A developer running a Claude Code session against a production database with no MCP gateway and no hooks deployed has full credentials, no audit trail, and produces no record in any security system the organization has.
These layers introduce attack vectors that firewalls, EDR, and traditional DLP were not designed to detect. OWASP’s Top 10 for LLM Applications — compared with NIST AI RMF and MITRE ATLAS in AI security frameworks — identifies the most critical of these vulnerabilities:
- Prompt injection. Agents process external content (documents, tickets, API responses) with the same trust as the original user prompt, so any untrusted content entering the context window becomes a potential instruction.
- Data exfiltration through authorized tool calls. An agent with legitimate access to a database can be instructed to exfiltrate records through a tool call that looks authorized to every layer of the existing stack.
- Tool poisoning. Malicious tool descriptions or responses manipulate the agent’s behavior without triggering any conventional security control.
An AI control plane is built to cover the model call and tool call layers. It enforces policy on every tool call an agent makes and produces an audit trail of agent actions that conventional security tooling cannot see.
AI security is still being defined
Security vendors are shipping products under the “AI security” label to address the risks that agentic AI introduces:
- CrowdStrike — Charlotte AI and AI Security Posture Management, focused on AI-assisted threat detection and posture visibility.
- Palo Alto Networks — AI Access Security through Prisma SASE, providing inline inspection of AI sessions and sensitive data transfer monitoring.
- Wiz — detects misconfigurations in AI infrastructure at the cloud layer.
- Runlayer, MintMCP — purpose-built for MCP security and agent governance at the tool-call layer.
- ServiceNow — extending existing enterprise governance frameworks to cover AI systems.

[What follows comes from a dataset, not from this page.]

(* In the setting of the context (the canonical generalized multi-time Lagrange space associated with a quadratic multi-time Lagrangian, with its Cartan connection $C\Gamma$), the global generalized Einstein equations $Ric(C\Gamma)-\frac{Sc(C\Gamma)}{2}G=\mathcal{K}\mathcal{T}$, where $\mathcal{K}$ is a constant and $\mathcal{T}$ is a d-tensor with adapted components $\mathcal{T}_{AB}$, $A,B\in\{\alpha,\ i,\ {}^{(\alpha)}_{(i)}\}$, are locally equivalent to $$H_{\alpha\beta}-\frac{H+R}{2}h_{\alpha\beta}=\mathcal{K}\mathcal{T}_{\alpha\beta},\qquad R_{ij}-\frac{H+R}{2}g_{ij}=\mathcal{K}\mathcal{T}_{ij},\qquad -\frac{H+R}{2}h^{\alpha\beta}g_{ij}=\mathcal{K}\mathcal{T}^{(\alpha)(\beta)}_{(i)(j)},$$ $$0=\mathcal{T}_{\alpha i},\quad R_{i\alpha}=\mathcal{K}\mathcal{T}_{i\alpha},\quad 0=\mathcal{T}^{(\alpha)}_{(i)\beta},\quad 0=\mathcal{T}^{\ (\beta)}_{\alpha(i)},\quad 0=\mathcal{T}^{\ (\alpha)}_{i(j)},\quad 0=\mathcal{T}^{(\alpha)}_{(i)j},$$ where $H_{\alpha\beta}=H^\mu_{\alpha\beta\mu}$, $R_{ij}=R^m_{ijm}$, $R_{i\alpha}=R^m_{i\alpha m}$, $H=h^{\alpha\beta}H_{\alpha\beta}$, $R=g^{ij}R_{ij}$.
   Context: Setting: $T$ is a $p$-dimensional manifold (coordinates $t^\alpha$) with semi-Riemannian metric $h_{\alpha\beta}(t)$ (inverse $h^{\alpha\beta}$, Christoffel symbols $H^\gamma_{\alpha\beta}$); $M$ is $n$-dimensional; on $J^1(T,M)$ (coordinates $(t^\alpha,x^i,x^i_\alpha)$) $L=G^{(\alpha)(\beta)}_{(i)(j)}(t,x)x^i_\alpha x^j_\beta+U^{(\alpha)}_{(i)}(t,x)x^i_\alpha+F(t,x)$ with $G^{(\alpha)(\beta)}_{(i)(j)}=\frac12\partial^2L/\partial x^i_\alpha\partial x^j_\beta$ symmetric, rank $n$, constant signature in $i,j$; $g_{ij}=\frac1p h_{\mu\nu}G^{(\mu)(\nu)}_{(i)(j)}$ with inverse $g^{ij}$ and generalized Christoffel symbols $\Gamma^i_{jk}$ in $x$. Nonlinear connection $M^{(i)}_{(\alpha)\beta}=-H^\gamma_{\alpha\beta}x^i_\gamma$, $N^{(i)}_{(\alpha)j}=\Gamma^i_{jm}x^m_\alpha+\frac{g^{im}}{2}\frac{\partial g_{jm}}{\partial t^\alpha}$; adapted cobasis $dt^\alpha$, $dx^i$, $\delta x^i_\alpha=dx^i_\alpha+M^{(i)}_{(\alpha)\beta}dt^\beta+N^{(i)}_{(\alpha)j}dx^j$; $\frac{\delta}{\delta t^\alpha}=\partial_{t^\alpha}-M^{(j)}_{(\beta)\alpha}\partial_{x^j_\beta}$, $\frac{\delta}{\delta x^i}=\partial_{x^i}-N^{(j)}_{(\beta)i}\partial_{x^j_\beta}$. The gravitational potential is $G=h_{\alpha\beta}dt^\alpha\otimes dt^\beta+g_{ij}dx^i\otimes dx^j+h^{\alpha\beta}g_{ij}\delta x^i_\alpha\otimes\delta x^j_\beta$. Cartan connection $C\Gamma$: $H^\gamma_{\alpha\beta}$, $G^k_{j\gamma}=\frac{g^{km}}{2}\frac{\delta g_{mj}}{\delta t^\gamma}$, $L^i_{jk}=\frac{g^{im}}{2}(\frac{\delta g_{jm}}{\delta x^k}+\frac{\delta g_{km}}{\delta x^j}-\frac{\delta g_{jk}}{\delta x^m})$, $C^{i(\gamma)}_{j(k)}=\frac{g^{im}}{2}(\frac{\partial g_{jm}}{\partial x^k_\gamma}+\frac{\partial g_{km}}{\partial x^j_\gamma}-\frac{\partial g_{jk}}{\partial x^m_\gamma})$. Curvatures: $H^\alpha_{\eta\beta\gamma}=\frac{\delta H^\alpha_{\eta\beta}}{\delta t^\gamma}-\frac{\delta H^\alpha_{\eta\gamma}}{\delta t^\beta}+H^\mu_{\eta\beta}H^\alpha_{\mu\gamma}-H^\mu_{\eta\gamma}H^\alpha_{\mu\beta}$; $R^l_{i\beta k}=\frac{\delta G^l_{i\beta}}{\delta x^k}-\frac{\delta L^l_{ik}}{\delta t^\beta}+G^m_{i\beta}L^l_{mk}-L^m_{ik}G^l_{m\beta}+C^{l(\mu)}_{i(m)}R^{(m)}_{(\mu)\beta k}$; $R^l_{ijk}=\frac{\delta L^l_{ij}}{\delta x^k}-\frac{\delta L^l_{ik}}{\delta x^j}+L^m_{ij}L^l_{mk}-L^m_{ik}L^l_{mj}+C^{l(\mu)}_{i(m)}R^{(m)}_{(\mu)jk}$; $P^{l\,(\gamma)}_{i\beta(k)}=\frac{\partial G^l_{i\beta}}{\partial x^k_\gamma}-C^{l(\gamma)}_{i(k)/\beta}+C^{l(\mu)}_{i(m)}P^{(m)(\gamma)}_{(\mu)\beta(k)}$; $P^{l\,(\gamma)}_{ij(k)}=\frac{\partial L^l_{ij}}{\partial x^k_\gamma}-C^{l(\gamma)}_{i(k)|j}+C^{l(\mu)}_{i(m)}P^{(m)(\gamma)}_{(\mu)j(k)}$; $S^{l(\beta)(\gamma)}_{i(j)(k)}=\frac{\partial C^{l(\beta)}_{i(j)}}{\partial x^k_\gamma}-\frac{\partial C^{l(\gamma)}_{i(k)}}{\partial x^j_\beta}+C^{m(\beta)}_{i(j)}C^{l(\gamma)}_{m(k)}-C^{m(\gamma)}_{i(k)}C^{l(\beta)}_{m(j)}$, with $R^{(m)}_{(\mu)\beta k}=\frac{\delta M^{(m)}_{(\mu)\beta}}{\delta x^k}-\frac{\delta N^{(m)}_{(\mu)k}}{\delta t^\beta}$, $R^{(m)}_{(\mu)jk}=\frac{\delta N^{(m)}_{(\mu)j}}{\delta x^k}-\frac{\delta N^{(m)}_{(\mu)k}}{\delta x^j}$, $P^{(m)(\gamma)}_{(\mu)\beta(k)}=\frac{\partial M^{(m)}_{(\mu)\beta}}{\partial x^k_\gamma}-\delta^\gamma_\mu G^m_{k\beta}+\delta^m_kH^\gamma_{\mu\beta}$, $P^{(m)(\gamma)}_{(\mu)j(k)}=\frac{\partial N^{(m)}_{(\mu)j}}{\partial x^k_\gamma}-\delta^\gamma_\mu L^m_{jk}$, and "$_{/\beta}$", "$_{|j}$" the horizontal covariant derivatives of $C\Gamma$. The Ricci d-tensor is $Ric(C\Gamma)=R_{\alpha\beta}dt^\alpha\otimes dt^\beta+R_{i\alpha}dx^i\otimes dt^\alpha+R_{ij}dx^i\otimes dx^j+R^{\ (\alpha)}_{i(j)}dx^i\otimes\delta x^j_\alpha+R^{(\alpha)}_{(i)\beta}\delta x^i_\alpha\otimes dt^\beta+R^{(\alpha)}_{(i)j}\delta x^i_\alpha\otimes dx^j+R^{(\alpha)(\beta)}_{(i)(j)}\delta x^i_\alpha\otimes\delta x^j_\beta$ (no $dt\otimes dx$ or $dt\otimes\delta x$ components), with $R_{\alpha\beta}=H^\mu_{\alpha\beta\mu}$, $R_{i\alpha}=R^m_{i\alpha m}$, $R_{ij}=R^m_{ijm}$, $R^{\ (\alpha)}_{i(j)}=-P^{m\ (\alpha)}_{im(j)}$, $R^{(\alpha)}_{(i)j}=P^{m\ (\alpha)}_{ij(m)}$, $R^{(\alpha)}_{(i)\beta}=P^{m\ (\alpha)}_{i\beta(m)}$, $R^{(\alpha)(\beta)}_{(i)(j)}=S^{m(\beta)(\alpha)}_{i(j)(m)}$. The scalar curvature is $Sc(C\Gamma)=h^{\alpha\beta}R_{\alpha\beta}+g^{ij}R_{ij}+h_{\alpha\beta}g^{ij}R^{(\alpha)(\beta)}_{(i)(j)}$. The stress-energy d-tensor $\mathcal{T}$ is expanded in the same adapted tensor basis, e.g. $\mathcal{T}_{\alpha i}$ is its $dt^\alpha\otimes dx^i$ component and $\mathcal{T}^{\ (\beta)}_{\alpha(i)}$ its $dt^\alpha\otimes\delta x^i_\beta$ component. *)

theory Defs
  imports "HOL-Analysis.Analysis"
begin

The scope of these tools does not overlap. That is because the field of AI security is still being defined, with each vendor addressing the risks it covers.
For example:
- CrowdStrike covers threat detection and endpoint visibility but has no governance over tool calls an agent makes after a model responds.
- Runlayer governs tool calls at the MCP layer but does not address cloud misconfigurations or endpoint threats.
- Wiz detects infrastructure risks at the cloud layer but has no visibility into what an agent does at runtime.
Security leaders evaluating these products need to look past the “AI security” label and assess what each tool actually covers and where its coverage ends.
The five AI security layers
Legacy security tools were not built for agents that call APIs and act autonomously on model responses. Enterprise security covers five layers:
- Identity and access — authentication, tokens, and identity propagation
- Endpoint and device — EDR, MDM, and agent runtime configuration
- Network and infrastructure — firewalls, ZTNA, and cloud posture
- Application and AI — model calls, tool calls, and gateway policy
- Data — storage access controls, output filtering, and audit logging
Traditional tools have strong coverage at the identity, endpoint, and network layers. None of them see prompts, tool calls, or what an agent does after a model responds.
An AI control plane is a policy enforcement and observability layer that sits between AI agents and the systems they interact with. It covers:
- Intercepting and inspecting model calls and tool calls
- Enforcing access policy on what tools an agent can call
- Filtering model outputs before they reach the user
- Producing a structured audit log of agent actions
The diagram below maps all five layers against what traditional security tools cover and where an AI control plane takes over.
Traditional security
vs. AI control plane.
Identity and access
SSO, MFA, and identity providers (Okta, Entra ID, Ping) authenticate users and issue tokens at this layer. For AI workloads, OAuth On-Behalf-Of tokens pass a user’s identity and permissions through the request chain, making downstream tool calls attributable to a specific user rather than an anonymous process.
Endpoint and device
This layer covers the devices and processes that AI agents run on. Traditional controls at this layer include:
- EDR (CrowdStrike Falcon, SentinelOne) — detects and responds to threats at the process level
- MDM (Jamf, Intune) — monitors device health and enforces configuration policy
EDR operates at the OS process level. When an agent runs, EDR sees a process start and stop. It does not see the prompt that triggered it or the tool calls the agent made inside that session.
Agent hooks operate one level deeper, inside the agent runtime itself. They are user-defined handlers that execute at specific points in the agent’s lifecycle:
- Before a prompt is submitted to the model
- Before a tool call is executed
- After a model response is returned
Each event is emitted as a structured log entry, giving security teams a complete record of what the agent did within a session.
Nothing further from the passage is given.